PrintE-mail Written by Ian White

Nora Watts is a missing person’s specialist who prefers to stay in the shadows, but when she meets the parents of a missing girl - a girl who turns out to be the daughter Nora sent for adoption fifteen years earlier - Nora finds her past is pursuing her with a vengeance. Why is a high-powered security firm so interested in her missing daughter's adoptive parents? Why has a dangerous nightmare from Nora's past appeared at Nora's place of work, intent on trying to find her? Why is Nora being followed, and why has a journalist who's been trying to get in touch with Nora suddenly turned up dead, a very unlikely suicide? So many clues, but what - if anything - ties them all together? And will Nora eventually find the daughter she has never met?


The PR for Eyes Like Mine touts Nora Watts as the new Lisbeth Salander. It's not a fair comparison and certainly doesn't do Eyes Like Mine any favours because, although that kind of hype always looks good on the cover, people expecting a story that's in the same league as Stieg Larsson's excellent Millennium trilogy will be disappointed. If we hadn’t gone into Eyes Like Mine hoping for another Girl with the Dragon Tattoo, and instead approached Nora Watts as this year’s version of a supposedly edgy heroine-detective, we might have enjoyed the novel more. As it was, we kept turning the pages wishing we were re-reading Girl with the Dragon Tattoo instead.


That being said, the novel does take some rapid twists and turns and really lays on the noirish atmosphere in spades.
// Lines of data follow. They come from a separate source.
(* Let $f:I\to\mathbb{R}$ and $g:J\to\mathbb{R}$ be smooth functions on open intervals $I,J\subset\mathbb{R}$, and let $S$ be the translation surface $z=f(x)+g(y)$, $(x,y)\in I\times J$. Let $\phi(x,y,z)=\alpha x+\beta y+\gamma z$ with $\alpha,\beta,\gamma\in\mathbb{R}$ not all zero. If $S$ is $\phi$-minimal, then $f$ or $g$ is an affine function (i.e. $f''\equiv0$ or $g''\equiv0$); consequently $S$ is a cylindrical surface whose rulings are parallel to the $xz$-plane or to the $yz$-plane.
   Context: For a smooth oriented surface with unit normal $N$, $H$ is the mean curvature normalized so that $\Delta_S X=2HN$. The $\phi$-mean curvature is $H_\phi=H-\tfrac12\langle N,(\alpha,\beta,\gamma)\rangle$ and $S$ is $\phi$-minimal if $H_\phi\equiv0$. For the graph $z=f(x)+g(y)$ this condition is equivalent to $(1+g'^2)f''+(1+f'^2)g''=(1+f'^2+g'^2)(-\alpha f'-\beta g'+\gamma)$. *)

theory Defs
  imports "HOL-Analysis.Analysis"
begin

definition smooth_on :: "real set \<Rightarrow> (real \<Rightarrow> real) \<Rightarrow> bool" where
  "smooth_on I f \<longleftrightarrow> (\<forall>n. \<forall>x\<in>I. ((deriv ^^ n) f) differentiable (at x))"

definition pd_x :: "(real \<Rightarrow> real \<Rightarrow> real) \<Rightarrow> real \<Rightarrow> real \<Rightarrow> real" where
  "pd_x h x y = deriv (\<lambda>s. h s y) x"
definition pd_y :: "(real \<Rightarrow> real \<Rightarrow> real) \<Rightarrow> real \<Rightarrow> real \<Rightarrow> real" where
  "pd_y h x y = deriv (\<lambda>t. h x t) y"
lemma powr_diff_mvt_bounds:
  fixes a b p :: real
  assumes "0 < a" "a \<le> b" "p \<ge> 1"
  shows "p * a powr (p - 1) * (b - a) \<le> b powr p - a powr p"
    and "b powr p - a powr p \<le> p * b powr (p - 1) * (b - a)"
proof -
  have "\<exists>z\<ge>a. z \<le> b \<and> b powr p - a powr p = (b - a) * (p * z powr (p - 1))"
  proof (cases "a = b")
    case False
    then have "\<exists>z>a. z < b \<and> b powr p - a powr p = (b - a) * (p * z powr (p - 1))"
      using assms by (intro MVT2) (auto intro!: has_real_derivative_powr)
    then show ?thesis by (meson less_imp_le)
  qed auto
  then obtain z where z: "a \<le> z" "z \<le> b" "b powr p - a powr p = (b - a) * (p * z powr (p - 1))"
    by blast
  have "a powr (p - 1) \<le> z powr (p - 1)" "z powr (p - 1) \<le> b powr (p - 1)"
    using z assms by (auto intro!: powr_mono2)
  then have "p * a powr (p - 1) * (b - a) \<le> p * z powr (p - 1) * (b - a)"
    and "p * z powr (p - 1) * (b - a) \<le> p * b powr (p - 1) * (b - a)"
    using assms by (auto intro!: mult_left_mono mult_right_mono)
  then show "p * a powr (p - 1) * (b - a) \<le> b powr p - a powr p"
    and "b powr p - a powr p \<le> p * b powr (p - 1) * (b - a)"
    unfolding z(3) by (simp_all add: ac_simps)
qed

lemma sum_powr_lower_bound:
  fixes g :: real assumes "g \<ge> 0"
  shows "real n powr (g + 1) / (g + 1) \<le> (\<Sum>i=1..n. real i powr g)"
proof (induction n)
  case (Suc n)
  have "real (Suc n) powr (g + 1) - real n powr (g + 1) \<le> (g + 1) * real (Suc n) powr g"
    using powr_diff_mvt_bounds(2)[of "real n" "real (Suc n)" "g + 1"] assms
    by (cases "n = 0") simp_all
  then have "real (Suc n) powr (g + 1) / (g + 1) - real n powr (g + 1) / (g + 1) \<le> real (Suc n) powr g"
    using assms by (simp add: pos_divide_le_eq mult.commute flip: diff_divide_distrib)
  with Suc show ?case by simp
qed simp

lemma sum_powr_upper_bound:
  fixes g :: real assumes "g \<ge> 0"
  shows "(\<Sum>i=1..n. real i powr g) \<le> real (n + 1) powr (g + 1) / (g + 1)"
proof (induction n)
  case (Suc n)
  have "(g + 1) * real (Suc n) powr g \<le> real (Suc n + 1) powr (g + 1) - real (Suc n) powr (g + 1)"
    using powr_diff_mvt_bounds(1)[of "real (Suc n)" "real (Suc n + 1)" "g + 1"] assms by simp
  then have "real (Suc n) powr g \<le> real (Suc n + 1) powr (g + 1) / (g + 1) - real (n + 1) powr (g + 1) / (g + 1)"
    using assms by (simp add: pos_le_divide_eq mult.commute flip: diff_divide_distrib)
  with Suc show ?case by simp
qed (use assms in simp)

lemma sum_powr_le_powr_Suc:
  fixes g :: real assumes "g \<ge> 0"
  shows "(\<Sum>i=1..n. real i powr g) \<le> real n powr (g + 1)"
proof -
  have "(\<Sum>i=1..n. real i powr g) \<le> (\<Sum>i=1..n. real n powr g)"
    using assms by (intro sum_mono powr_mono2) auto
  also have "\<dots> = real n powr (g + 1)"
    by (cases "n = 0") (simp_all add: powr_add)
  finally show ?thesis .
qed

lemma sum_shifted_powr_upper_bound:
  fixes g :: real assumes "g \<ge> 0"
  shows "(\<Sum>i=1..n. real (i + l) powr g) \<le> real (n + l + 1) powr (g + 1) / (g + 1)"
proof -
  have "(\<Sum>i=1..n. real (i + l) powr g) = (\<Sum>j=1+l..n+l. real j powr g)"
    using sum.shift_bounds_cl_nat_ivl[of "\<lambda>j. real j powr g" 1 l n] by simp
  also have "\<dots> \<le> (\<Sum>j=1..n+l. real j powr g)"
    by (intro sum_mono2) auto
  also have "\<dots> \<le> real (n + l + 1) powr (g + 1) / (g + 1)"
    by (rule sum_powr_upper_bound[OF assms])
  finally show ?thesis .
qed

lemma prod_diff_le_sum_diff:
  fixes a b :: "'i \<Rightarrow> real"
  assumes "finite K" "\<And>k. k \<in> K \<Longrightarrow> 0 \<le> b k \<and> b k \<le> a k \<and> a k \<le> 1"
  shows "(\<Prod>k\<in>K. a k) - (\<Prod>k\<in>K. b k) \<le> (\<Sum>k\<in>K. a k - b k)"
  using assms
proof (induction K rule: finite_induct)
  case (insert k F)
  have IH: "(\<Prod>k\<in>F. a k) - (\<Prod>k\<in>F. b k) \<le> (\<Sum>k\<in>F. a k - b k)"
    using insert by auto
  have ab: "0 \<le> b k" "b k \<le> a k" "a k \<le> 1"
    using insert by auto
  have pb: "0 \<le> (\<Prod>k\<in>F. b k)" "(\<Prod>k\<in>F. b k) \<le> 1" "(\<Prod>k\<in>F. b k) \<le> (\<Prod>k\<in>F. a k)"
    using insert.prems by (force intro!: prod_nonneg prod_le_1 prod_mono)+
  have "(\<Prod>k\<in>insert k F. a k) - (\<Prod>k\<in>insert k F. b k) =
        a k * ((\<Prod>k\<in>F. a k) - (\<Prod>k\<in>F. b k)) + (a k - b k) * (\<Prod>k\<in>F. b k)"
    using insert by (simp add: algebra_simps)
  also have "\<dots> \<le> 1 * ((\<Prod>k\<in>F. a k) - (\<Prod>k\<in>F. b k)) + (a k - b k) * 1"
    using ab pb by (intro add_mono mult_mono) auto
  also have "\<dots> \<le> (\<Sum>k\<in>insert k F. a k - b k)"
    using IH insert by simp
  finally show ?case .
qed simp

lemma is_norm_continuous:
  fixes N :: "'a::euclidean_space \<Rightarrow> real"
  assumes "is_norm N" shows "continuous_on UNIV N"
proof (rule convex_on_continuous)
  show "convex_on UNIV N"
  proof (rule convex_onI)
    fix t :: real and x y :: 'a
    assume "t > 0" "t < 1"
    then show "N ((1 - t) *\<^sub>R x + t *\<^sub>R y) \<le> (1 - t) * N x + t * N y"
      using assms unfolding is_norm_def by (metis abs_of_pos diff_gt_0_iff_gt)
  qed simp
qed simp
text \<open>The ear at l or at r is cut off, leaving the pocket [a, b] with one end dropped; the
  ear is the triangle {l, a, b, r}.\<close>
lemma pocket_peel:
  assumes "sun_free" "pocket l r" "r < n" "r \<noteq> Suc l"
  obtains a b where "l \<le> a" "a < b" "b \<le> r" "r - l = Suc (b - a)" "pocket a b"
    "\<And>i j. l \<le> i \<Longrightarrow> i < j \<Longrightarrow> j \<le> r \<Longrightarrow> adj i j \<Longrightarrow> a \<le> i \<and> j \<le> b \<or> {i, j} \<subseteq> {l, a, b, r}"
    "\<And>i j. (i, j) \<in> D \<Longrightarrow> l \<le> i \<Longrightarrow> j \<le> r \<Longrightarrow> a \<le> i \<and> j \<le> b \<or> (i, j) = (l, r)"
proof -
  obtain k where lr: "(l, r) \<in> D" and k: "l < k" "k < r"
    and ear: "k = Suc l \<and> pocket k r \<or> r = Suc k \<and> pocket l k"
    using pocket_ear[OF assms(1,2,4)] by blast
  have lr': "\<not> (l = 0 \<and> r = n - 1)" using D_mem[OF lr] by blast
  have adj_cases: "j = Suc i \<or> (i, j) \<in> D" if "l \<le> i" "i < j" "j \<le> r" "adj i j" for i j
  proof -
    have "\<not> (i = 0 \<and> j = n - 1)"
    proof
      assume "i = 0 \<and> j = n - 1"
      then have "l = 0" "r = n - 1" using that assms(3) by auto
      then show False using lr' by simp
    qed
    then show ?thesis using adj_iff_D[of i j] that assms(3) by simp
  qed
  from ear show ?thesis
  proof
    assume left: "k = Suc l \<and> pocket k r"
    have diag: "j = r" if "(l, j) \<in> D" "j \<le> r" for j
      using pocket_diagonal_from_left[OF lr _ that] left by blast
    show ?thesis
    proof (rule that[of k r])
      show "l \<le> k" "k < r" "r \<le> r" "r - l = Suc (r - k)" "pocket k r" using left k by auto
      show "k \<le> i \<and> j \<le> r \<or> {i, j} \<subseteq> {l, k, r, r}" if "l \<le> i" "i < j" "j \<le> r" "adj i j" for i j
        using adj_cases[OF that] diag[of j] that left by (cases "i = l") auto
      show "k \<le> i \<and> j \<le> r \<or> (i, j) = (l, r)" if "(i, j) \<in> D" "l \<le> i" "j \<le> r" for i j
        using diag[of j] that left by (cases "i = l") auto
    qed
  next
    assume right: "r = Suc k \<and> pocket l k"
    have diag: "i = l" if "(i, r) \<in> D" "l \<le> i" for i
      using pocket_diagonal_to_right[of l k i] lr right that by blast
    show ?thesis
    proof (rule that[of l k])
      show "l \<le> l" "l < k" "k \<le> r" "r - l = Suc (k - l)" "pocket l k" using right k by auto
      show "l \<le> i \<and> j \<le> k \<or> {i, j} \<subseteq> {l, l, k, r}" if "l \<le> i" "i < j" "j \<le> r" "adj i j" for i j
        using adj_cases[OF that] diag[of i] that right by (cases "j = r") auto
      show "l \<le> i \<and> j \<le> k \<or> (i, j) = (l, r)" if "(i, j) \<in> D" "l \<le> i" "j \<le> r" for i j
        using diag[of i] that right by (cases "j = r") auto
    qed
  qed
qed

lemma pocket_split:
  assumes "sun_free" "pocket l r" "r < n"
  shows "\<exists>m. l < m \<and> m \<le> r \<and> (\<forall>i j. (i, j) \<in> D \<and> l \<le> i \<and> j \<le> r \<longrightarrow> i < m \<and> m \<le> j)"
  using assms(2,3)
proof (induction "r - l" arbitrary: l r rule: less_induct)
  case less
  show ?case
  proof (cases "r = Suc l")
    case True
    have "(i, j) \<notin> D" if "l \<le> i" "j \<le> r" for i j
      using D_mem[of i j] that True by auto
    then show ?thesis using True by (intro exI[of _ r]) auto
  next
    case False
    show ?thesis
    proof (rule pocket_peel[OF assms(1) less.prems False])
      fix a b
      assume ab: "l \<le> a" "a < b" "b \<le> r" "r - l = Suc (b - a)" "pocket a b"
        and "\<And>i j. l \<le> i \<Longrightarrow> i < j \<Longrightarrow> j \<le> r \<Longrightarrow> adj i j \<Longrightarrow>
          a \<le> i \<and> j \<le> b \<or> {i, j} \<subseteq> {l, a, b, r}"
        and diag: "\<And>i j. (i, j) \<in> D \<Longrightarrow> l \<le> i \<Longrightarrow> j \<le> r \<Longrightarrow> a \<le> i \<and> j \<le> b \<or> (i, j) = (l, r)"
      have "\<exists>m. a < m \<and> m \<le> b \<and> (\<forall>i j. (i, j) \<in> D \<and> a \<le> i \<and> j \<le> b \<longrightarrow> i < m \<and> m \<le> j)"
        by (rule less.hyps) (use ab less.prems(2) in auto)
      then obtain m where m: "a < m" "m \<le> b"
        and straddle: "\<And>i j. (i, j) \<in> D \<Longrightarrow> a \<le> i \<Longrightarrow> j \<le> b \<Longrightarrow> i < m \<and> m \<le> j"
        by blast
      have "i < m \<and> m \<le> j" if "(i, j) \<in> D" "l \<le> i" "j \<le> r" for i j
        using diag[OF that] straddle[OF that(1)] m ab by auto
      then show ?thesis using m ab by (intro exI[of _ m]) auto
    qed
  qed
qed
Kamal knows the rules of her genre very well, and the storyline hits all the beats. In the end, though, it feels less like a thriller and more like a juggling-act of a character study, with everything that happens calculated to reveal yet another aspect of Nora’s past or personality. That would work if Nora Watts was a character we’re intrigued by (like Lisbeth Salander) but she just isn’t that interesting. In fact, Eyes Like Mine is a bit like painting-by-numbers. We add a bit of grey here and a bit of white there, hoping that despite the mundanity of it all the picture will eventually reveal itself to be something that was worth our time. Unfortunately, Eyes Like Mine just ends as it began – well-written and workmanlike, but a bit of a wasted journey.